# WigWag (Headlight Flasher) Installation



## UALvolar (Jan 7, 2005)

Hi there, 

I am a volunteer firefighter with a 1994 Altima GXE, and am trying to install a Wig-Wag module in my car. I need help figuring out where the headlight wires that I need to tap into are located. I've spent a long time under the hood and the D/S knee panel trying the find the damned things. Also, if anyone knows a good place to go through the firewall, that would be helpful.
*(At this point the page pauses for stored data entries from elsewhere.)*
lemma dder_eq_sum_raise:
  assumes "keys_on p A" "fsupp p" "finite A"
  shows "dder p = (\<Sum>(K,i)\<in>{K. p K \<noteq> 0} \<times> A. (\<lambda>K'. if K' = raise i K then p K else 0))"
proof (rule ext)
  fix K'
  let ?F = "{K. p K \<noteq> 0}"
  have fin: "finite ?F"
    using assms(2) by (simp add: fsupp_def)
  have dom_F: "dom K = A" if "K \<in> ?F" for K
    using assms(1) that by (auto simp: keys_on_def)
  have inner: "(\<Sum>K\<in>?F. if K' = raise i K then p K else 0) = (if i \<in> raised K' then p (lower i K') else 0)"
    if "i \<in> A" for i
  proof -
    have "(\<Sum>K\<in>?F. if K' = raise i K then p K else 0)
        = (\<Sum>K\<in>?F. if K = lower i K' then (if i \<in> raised K' then p K else 0) else 0)"
      using raise_eq_iff[of i _ K'] dom_F that by (intro sum.cong) auto
    also have "\<dots> = (if i \<in> raised K' then p (lower i K') else 0)"
      by (simp add: sum.delta[OF fin])
    finally show ?thesis .
  qed
  have off_A: "p (lower i K') = 0" if "i \<in> raised K'" "dom K' \<noteq> A" for i
    using assms(1) that dom_lower unfolding keys_on_def by metis
  have "(\<Sum>(K,i)\<in>?F \<times> A. (\<lambda>K'. if K' = raise i K then p K else 0)) K'
      = (\<Sum>(K,i)\<in>?F \<times> A. if K' = raise i K then p K else 0)"
    by (simp add: sum_apply split_def)
  also have "\<dots> = (\<Sum>K\<in>?F. \<Sum>i\<in>A. if K' = raise i K then p K else 0)"
    by (rule sum.cartesian_product[symmetric])
  also have "\<dots> = (\<Sum>i\<in>A. \<Sum>K\<in>?F. if K' = raise i K then p K else 0)"
    by (rule sum.swap)
  also have "\<dots> = (\<Sum>i\<in>A \<inter> raised K'. p (lower i K'))"
    by (simp add: inner sum.inter_restrict[OF assms(3)])
  also have "\<dots> = dder p K'"
  proof (cases "dom K' = A")
    case True
    then have "A \<inter> raised K' = raised K'"
      using raised_subset_dom by blast
    then show ?thesis by (simp add: dder_def)
  next
    case False
    then show ?thesis
      by (simp add: dder_def off_A sum.neutral)
  qed
  finally show "dder p K' = (\<Sum>(K,i)\<in>?F \<times> A. (\<lambda>K'. if K' = raise i K then p K else 0)) K'"
    by simp
qed

lemma fsupp_dder:
  assumes "keys_on p A" "fsupp p" "finite A"
  shows "fsupp (dder p)"
  unfolding dder_eq_sum_raise[OF assms]
  by (rule fsupp_sum) (use assms in \<open>auto simp: fsupp_def\<close>)

definition eval_diff_mon :: "('a \<Rightarrow> 'a \<Rightarrow> 'a) \<Rightarrow> ('a \<Rightarrow> 'a) \<Rightarrow> (nat \<Rightarrow> 'a) \<Rightarrow> mon \<Rightarrow> dkey \<Rightarrow> 'a" where
  "eval_diff_mon mul d a u K = eval_mon mul (\<lambda>i. (d ^^ the (K i)) (a i)) u"

lemma eval_diff_mon_M:
  "eval_diff_mon mul d a (M s t) K = mul (eval_diff_mon mul d a s K) (eval_diff_mon mul d a t K)"
  by (simp add: eval_diff_mon_def)

lemma eval_diff_mon_cong:
  "(\<And>i. i \<in> set (leaves u) \<Longrightarrow> K i = K' i) \<Longrightarrow> eval_diff_mon mul d a u K = eval_diff_mon mul d a u K'"
  unfolding eval_diff_mon_def by (induction u) auto

locale derivation_algebra = bilinear_algebra +
  fixes d :: "'a::ab_group_add \<Rightarrow> 'a"
  assumes derivation: "is_derivation scale mul d"
begin

lemma d_add: "d (x + y) = d x + d y"
  using derivation unfolding is_derivation_def by blast
lemma d_scale: "d (scale c x) = scale c (d x)"
  using derivation unfolding is_derivation_def by blast
lemma d_mul: "d (mul x y) = mul (d x) y + mul x (d y)"
  using derivation unfolding is_derivation_def by blast
lemma d_zero: "d 0 = 0"
  using d_add[of 0 0] by simp
lemma d_sum: "d (\<Sum>i\<in>I. f i) = (\<Sum>i\<in>I. d (f i))"
  by (induction I rule: infinite_finite_induct) (auto simp: d_add d_zero)

lemma lin_ext_dmul:
  assumes p: "keys_on p (set (leaves s))" "fsupp p" and q: "keys_on q (set (leaves t))" "fsupp q"
    and disj: "set (leaves s) \<inter> set (leaves t) = {}"
  shows "lin_ext scale (dmul p q) (eval_diff_mon mul d a (M s t))
       = mul (lin_ext scale p (eval_diff_mon mul d a s)) (lin_ext scale q (eval_diff_mon mul d a t))"
proof -
  let ?A = "set (leaves s)" and ?B = "set (leaves t)"
  let ?P = "{K. p K \<noteq> 0}" and ?Q = "{K. q K \<noteq> 0}"
  have fin: "finite ?P" "finite ?Q"
    using p q by (auto simp: fsupp_def)
  have dom_P: "dom K = ?A" if "K \<in> ?P" for K
    using p that by (auto simp: keys_on_def)
  have dom_Q: "dom K = ?B" if "K \<in> ?Q" for K
    using q that by (auto simp: keys_on_def)
  have inj: "inj_on (\<lambda>(K1,K2). K1 ++ K2) (?P \<times> ?Q)"
    by (rule inj_onI) (metis (no_types, lifting) SigmaE case_prod_conv dom_P dom_Q disj
        restrict_map_add_left restrict_map_add_right)
  have summand: "scale (dmul p q (K1 ++ K2)) (eval_diff_mon mul d a (M s t) (K1 ++ K2))
      = scale (p K1 * q K2) (mul (eval_diff_mon mul d a s K1) (eval_diff_mon mul d a t K2))"
    if "K1 \<in> ?P" "K2 \<in> ?Q" for K1 K2
  proof -
    have d1: "dom K1 = ?A" and d2: "dom K2 = ?B"
      using that dom_P dom_Q by auto
    have "dmul p q (K1 ++ K2) = p K1 * q K2"
      using dmul_keys_on[OF p(1) q(1) disj finite_set finite_set, of "K1 ++ K2"]
        restrict_map_add_left[OF d1 d2 disj] restrict_map_add_right[OF d1 d2 disj] d1 d2
      by (auto simp: Un_commute)
    moreover have "eval_diff_mon mul d a s (K1 ++ K2) = eval_diff_mon mul d a s K1"
      by (rule eval_diff_mon_cong) (use d2 disj in \<open>auto simp: map_add_def split: option.splits\<close>)
    moreover have "eval_diff_mon mul d a t (K1 ++ K2) = eval_diff_mon mul d a t K2"
      by (rule eval_diff_mon_cong) (use d2 in \<open>auto simp: map_add_def split: option.splits\<close>)
    ultimately show ?thesis
      by (simp add: eval_diff_mon_M)
  qed
  have "lin_ext scale (dmul p q) (eval_diff_mon mul d a (M s t))
      = (\<Sum>K\<in>(\<lambda>(K1,K2). K1 ++ K2) ` (?P \<times> ?Q). scale (dmul p q K) (eval_diff_mon mul d a (M s t) K))"
    by (rule lin_ext_superset[OF _ dmul_support_subset[OF p(1) q(1) disj]]) (use fin in auto)
  also have "\<dots> = (\<Sum>(K1,K2)\<in>?P \<times> ?Q. scale (p K1 * q K2) (mul (eval_diff_mon mul d a s K1) (eval_diff_mon mul d a t K2)))"
    unfolding sum.reindex[OF inj] by (rule sum.cong) (auto simp: summand)
  also have "\<dots> = mul (lin_ext scale p (eval_diff_mon mul d a s)) (lin_ext scale q (eval_diff_mon mul d a t))"
    by (simp add: mul_sum_scale lin_ext_def)
  finally show ?thesis .
qed

lemma d_eval_diff_mon:
  "distinct (leaves u) \<Longrightarrow> d (eval_diff_mon mul d a u K) = (\<Sum>i\<in>set (leaves u). eval_diff_mon mul d a u (raise i K))"
proof (induction u arbitrary: K)
  case (V i)
  then show ?case by (simp add: eval_diff_mon_def raise_def)
next
  case (M s t)
  have disj: "set (leaves s) \<inter> set (leaves t) = {}"
    using M.prems by auto
  have raise_t: "eval_diff_mon mul d a t (raise i K) = eval_diff_mon mul d a t K" if "i \<in> set (leaves s)" for i
    by (rule eval_diff_mon_cong) (use that disj in \<open>auto simp: raise_def\<close>)
  have raise_s: "eval_diff_mon mul d a s (raise i K) = eval_diff_mon mul d a s K" if "i \<in> set (leaves t)" for i
    by (rule eval_diff_mon_cong) (use that disj in \<open>auto simp: raise_def\<close>)
  have "d (eval_diff_mon mul d a (M s t) K)
      = mul (d (eval_diff_mon mul d a s K)) (eval_diff_mon mul d a t K)
        + mul (eval_diff_mon mul d a s K) (d (eval_diff_mon mul d a t K))"
    by (simp add: eval_diff_mon_M d_mul)
  also have "\<dots> = (\<Sum>i\<in>set (leaves s). eval_diff_mon mul d a (M s t) (raise i K))
                + (\<Sum>i\<in>set (leaves t). eval_diff_mon mul d a (M s t) (raise i K))"
    using M by (simp add: mul_sum_left mul_sum_right eval_diff_mon_M raise_s raise_t)
  also have "\<dots> = (\<Sum>i\<in>set (leaves (M s t)). eval_diff_mon mul d a (M s t) (raise i K))"
    by (simp add: sum.union_disjoint[OF finite_set finite_set disj])
  finally show ?case .
qed

lemma lin_ext_dder:
  assumes "keys_on p (set (leaves u))" "distinct (leaves u)" "fsupp p"
  shows "lin_ext scale (dder p) (eval_diff_mon mul d a u) = d (lin_ext scale p (eval_diff_mon mul d a u))"
proof -
  let ?A = "set (leaves u)" and ?F = "{K. p K \<noteq> 0}"
  have "lin_ext scale (dder p) (eval_diff_mon mul d a u)
      = (\<Sum>(K,i)\<in>?F \<times> ?A. lin_ext scale (\<lambda>K'. if K' = raise i K then p K else 0) (eval_diff_mon mul d a u))"
    unfolding dder_eq_sum_raise[OF assms(1,3) finite_set] split_def
    by (rule lin_ext_sum) (use assms(3) in \<open>auto simp: fsupp_def\<close>)
  also have "\<dots> = (\<Sum>K\<in>?F. scale (p K) (\<Sum>i\<in>?A. eval_diff_mon mul d a u (raise i K)))"
    by (simp add: lin_ext_delta sum.cartesian_product[symmetric] scale_sum_right)
  also have "\<dots> = d (lin_ext scale p (eval_diff_mon mul d a u))"
    by (simp add: d_eval_diff_mon[OF assms(2)] d_scale lin_ext_def d_sum)
  finally show ?thesis .
qed

end

section \<open>The pairing of Var(n) \<otimes> Nov(n) with a derived algebra\<close>

definition dvar :: "nat \<Rightarrow> dkey \<Rightarrow> 'k::comm_ring_1" where
  "dvar i = (\<lambda>K. if K = [i \<mapsto> 0] then 1 else 0)"

definition nov_word :: "mon \<Rightarrow> dkey \<Rightarrow> 'k::comm_ring_1" where
  "nov_word w = eval_mon dnov dvar w"

definition pairing :: "('k::comm_ring_1 \<Rightarrow> 'a::comm_monoid_add \<Rightarrow> 'a) \<Rightarrow> ('a \<Rightarrow> 'a \<Rightarrow> 'a) \<Rightarrow> ('a \<Rightarrow> 'a)
    \<Rightarrow> (nat \<Rightarrow> 'a) \<Rightarrow> mon \<times> mon \<Rightarrow> 'a" where
  "pairing scale mul d a x = lin_ext scale (nov_word (snd x)) (eval_diff_mon mul d a (fst x))"

lemma leaves_fst_phi: "leaves (fst (phi m)) = dleaves m"
  by (induction m) auto

lemma leaves_snd_phi:
  "set (leaves (snd (phi m))) = set (dleaves m) \<and> (distinct (dleaves m) \<longrightarrow> distinct (leaves (snd (phi m))))"
  by (induction m) auto

lemma nov_word_fsupp_keys_on:
  "distinct (leaves w) \<Longrightarrow>
   fsupp (nov_word w :: dkey \<Rightarrow> 'k::comm_ring_1) \<and> keys_on (nov_word w :: dkey \<Rightarrow> 'k) (set (leaves w))"
proof (induction w)
  case (V i)
  then show ?case by (auto simp: nov_word_def dvar_def fsupp_def keys_on_def)
next
  case (M s t)
  then have s: "fsupp (nov_word s :: dkey \<Rightarrow> 'k)" "keys_on (nov_word s :: dkey \<Rightarrow> 'k) (set (leaves s))"
    and t: "fsupp (nov_word t :: dkey \<Rightarrow> 'k)" "keys_on (nov_word t :: dkey \<Rightarrow> 'k) (set (leaves t))"
    and disj: "set (leaves s) \<inter> set (leaves t) = {}"
    by auto
  have "nov_word (M s t) = dmul (nov_word s) (dder (nov_word t :: dkey \<Rightarrow> 'k))"
    by (simp add: nov_word_def dnov_def)
  then show ?case
    using fsupp_dmul[OF s(2) keys_on_dder[OF t(2)] disj finite_set finite_set s(1) fsupp_dder[OF t(2,1) finite_set]]
      keys_on_dmul[OF s(2) keys_on_dder[OF t(2)] disj finite_set finite_set]
    by simp
qed

context derivation_algebra
begin

lemma pairing_prec_succ:
  assumes u: "distinct (leaves u1 @ leaves u2)"
    and w: "distinct (leaves w1)" "set (leaves w1) = set (leaves u1)"
           "distinct (leaves w2)" "set (leaves w2) = set (leaves u2)"
  shows "pairing scale mul d a (M u1 u2, M w1 w2) = mul (pairing scale mul d a (u1, w1)) (d (pairing scale mul d a (u2, w2)))"
    and "pairing scale mul d a (M u1 u2, M w2 w1) = mul (d (pairing scale mul d a (u1, w1))) (pairing scale mul d a (u2, w2))"
proof -
  have disj: "set (leaves u1) \<inter> set (leaves u2) = {}" and dist: "distinct (leaves u1)" "distinct (leaves u2)"
    using u by auto
  have w1: "fsupp (nov_word w1 :: dkey \<Rightarrow> 'b)" "keys_on (nov_word w1 :: dkey \<Rightarrow> 'b) (set (leaves u1))"
    and w2: "fsupp (nov_word w2 :: dkey \<Rightarrow> 'b)" "keys_on (nov_word w2 :: dkey \<Rightarrow> 'b) (set (leaves u2))"
    using nov_word_fsupp_keys_on[where 'k='b, OF w(1)] nov_word_fsupp_keys_on[where 'k='b, OF w(3)] by (simp_all add: w(2,4))
  note dder1 = keys_on_dder[OF w1(2)] fsupp_dder[OF w1(2,1) finite_set]
  note dder2 = keys_on_dder[OF w2(2)] fsupp_dder[OF w2(2,1) finite_set]
  show "pairing scale mul d a (M u1 u2, M w1 w2) = mul (pairing scale mul d a (u1, w1)) (d (pairing scale mul d a (u2, w2)))"
    using lin_ext_dmul[OF w1(2,1) dder2 disj] lin_ext_dder[OF w2(2) dist(2) w2(1)]
    by (simp add: pairing_def nov_word_def dnov_def)
  show "pairing scale mul d a (M u1 u2, M w2 w1) = mul (d (pairing scale mul d a (u1, w1))) (pairing scale mul d a (u2, w2))"
    using lin_ext_dmul[OF dder1 w2(2,1) disj] lin_ext_dder[OF w1(2) dist(1) w1(1)]
    by (simp add: pairing_def nov_word_def dnov_def dmul_commute)
qed

lemma eval_dmon_eq_pairing:
  "distinct (dleaves m) \<Longrightarrow> eval_dmon mul d a m = pairing scale mul d a (phi m)"
proof (induction m)
  case (DV i)
  then show ?case
    by (simp add: pairing_def nov_word_def dvar_def lin_ext_delta eval_diff_mon_def)
next
  case (Prec s t)
  then show ?case
    using pairing_prec_succ(1)[of "fst (phi s)" "fst (phi t)" "snd (phi s)" "snd (phi t)"]
    using leaves_snd_phi[of s] leaves_snd_phi[of t] by (simp add: leaves_fst_phi)
next
  case (Succ s t)
  then show ?case
    using pairing_prec_succ(2)[of "fst (phi s)" "fst (phi t)" "snd (phi s)" "snd (phi t)"]
    using leaves_snd_phi[of s] leaves_snd_phi[of t] by (simp add: leaves_fst_phi)
qed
FYI, it is a Galls FS001 flasher. A diagram is available at www.galls.com.

Thanks,

Spencer


----------



## Matt93SE (Sep 17, 2003)

easiest way is to simply tap into the headlight harness right at the socket. there's separate wires for ground, low, and high beams all right there on each bulb. since they're independently relayed and fused on the car already, you can tap in there and you're done.


----------



## KA24Tech (Feb 2, 2004)

First thing if the car is equipped with daytime running lights you should contact them for the correct hookup of the flasher.
I had to change my answer because I was looking at the wrong wiring diagram...
http://www.galls.com/DOCUMENTS/FS001_3-Pattern_Flasher_Positive.pdf
The drivers side high beam wire is red/black and the passenger side is a red/ green wire. The rest of the install I would use the instructions from Galls. 
The harness could go through the rubber grommet on the passenger side towards the bottom of the firewall.
I hope this helps.

Troy


----------